_WORK TASK_
Look through the data and write out every line with the word "xpart" in it.

_LISTED RECORDS_

lemma koszul_section:
  fixes i j :: 'n
  assumes x0: "x0 \<in> U"
  defines "F \<equiv> section_map \<xi>" and "G \<equiv> gBS g phi \<delta>"
  shows "koszul G (F x0) (dmap F x0 i) (dmap F x0 j) l = - 2 * (G (F x0) *v coord_hessian g F x0 i j) $ l"
proof -
  define z0 y0 C0 where "z0 = F x0" and "y0 = \<xi> x0" and "C0 = christoffel g x0"
  define Z where "Z = (\<chi> m. pd i (\<lambda>y. pd j (\<lambda>y'. \<xi> y' $ m) y) x0)"
  define fibre where "fibre = berger_fibre (g x0) (g x0 *v (phi x0 *v y0)) \<delta>"
  define Dg where "Dg c = (\<chi> a b. pd c (\<lambda>y. g y $ a $ b) x0)" for c
  define a b where "a = (\<chi> k. pd i (\<lambda>y. \<xi> y $ k) x0)" and "b = (\<chi> k. pd j (\<lambda>y. \<xi> y $ k) x0)"
  have xz: "xpart z0 = x0" "ypart z0 = y0" and z0: "xpart z0 \<in> U"
    using x0 by (simp_all add: z0_def F_def section_map_def y0_def)
  have A: "dmap F x0 i = tvec (axis i 1) a" and B: "dmap F x0 j = tvec (axis j 1) b"
    by (simp_all add: F_def a_def b_def dmap_section_map)
  have VA: "vert C0 y0 (tvec (axis i 1) a) = 0" and VB: "vert C0 y0 (tvec (axis j 1) b) = 0"
    using section_horizontal[OF x0] unfolding C0_def y0_def A[symmetric] B[symmetric] F_def by simp_all
  have "(\<chi> m. pd j (\<lambda>y. pd i (\<lambda>y'. \<xi> y' $ m) y) x0) = Z"
    unfolding Z_def vec_eq_iff using Cinf_on_pd_commute[OF open_U x0 xi_Cinf] by simp
  then have D1: "(\<Sum>\<alpha>\<in>UNIV. tvec (axis i 1) a $ \<alpha> * gBS_pd_form g phi \<delta> \<alpha> z0 (tvec (axis j 1) b) Q)
        = axis j 1 \<bullet> (Dg i *v xpart Q) + fibre (- Z) (vert C0 y0 Q)"
    and D2: "(\<Sum>\<alpha>\<in>UNIV. tvec (axis j 1) b $ \<alpha> * gBS_pd_form g phi \<delta> \<alpha> z0 (tvec (axis i 1) a) Q)
        = axis i 1 \<bullet> (Dg j *v xpart Q) + fibre (- Z) (vert C0 y0 Q)" for Q
    using gBS_pd_form_along_section[OF x0, of i j Q] gBS_pd_form_along_section[OF x0, of j i Q]
    unfolding F_def[symmetric] A B z0_def[symmetric] by (simp_all add: Z_def fibre_def Dg_def C0_def y0_def)
  have D3: "gBS_pd_form g phi \<delta> l z0 (tvec (axis i 1) a) (tvec (axis j 1) b)
      = (case l of Inl m \<Rightarrow> Dg m $ i $ j | Inr m \<Rightarrow> 0)"
    using gBS_pd_form_horizontal[of g z0 "tvec (axis i 1) a" "tvec (axis j 1) b" phi \<delta> l] VA VB
    by (cases l) (simp_all add: xz C0_def Dg_def inner_axis_mult_axis)
  have GH: "(G z0 *v coord_hessian g F x0 i j) $ l
      = xpart (axis l 1) \<bullet> (g x0 *v - (\<chi> a. C0 a i j)) + fibre (vert C0 y0 (axis l 1)) Z"
    using coord_hessian_section[OF x0, of i j]
    by (simp add: G_def F_def gBS_mult_component gBS_form_eq_berger_sasaki berger_sasaki_def
        xz fibre_def C0_def y0_def Z_def)
  note fibre_neg = berger_fibre_uminus_left[OF riemannian_metric_on_sym[OF metric x0],
      where S = "g x0 *v (phi x0 *v y0)" and \<delta> = \<delta>, folded fibre_def]
  note koszul_expand = z0_def[symmetric] A B koszul_gBS[OF z0, where \<delta> = \<delta>, folded G_def] D1 D2 D3 GH
  show ?thesis
  proof (cases l)
    case (Inl m)
    have "axis m 1 \<bullet> (g x0 *v - (\<chi> a. C0 a i j)) = - (\<Sum>a\<in>UNIV. g x0 $ m $ a * christoffel g x0 a i j)"
      by (simp add: inner_axis' matrix_vector_mult_def C0_def sum_negf)
    then have "axis m 1 \<bullet> (g x0 *v - (\<chi> a. C0 a i j)) = - (1/2) * (Dg i $ j $ m + Dg j $ i $ m - Dg m $ i $ j)"
      by (simp add: metric_christoffel_contract[OF metric x0] Dg_def)
    then show ?thesis
      using Inl unfolding koszul_expand by (simp add: inner_axis_mult_axis fibre_neg algebra_simps)
  qed (unfold koszul_expand, simp add: fibre_neg)
qed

_EXPECTED ANSWER_
  have xz: "xpart z0 = x0" "ypart z0 = y0" and z0: "xpart z0 \<in> U"
        = axis j 1 \<bullet> (Dg i *v xpart Q) + fibre (- Z) (vert C0 y0 Q)"
        = axis i 1 \<bullet> (Dg j *v xpart Q) + fibre (- Z) (vert C0 y0 Q)" for Q
      = xpart (axis l 1) \<bullet> (g x0 *v - (\<chi> a. C0 a i j)) + fibre (vert C0 y0 (axis l 1)) Z"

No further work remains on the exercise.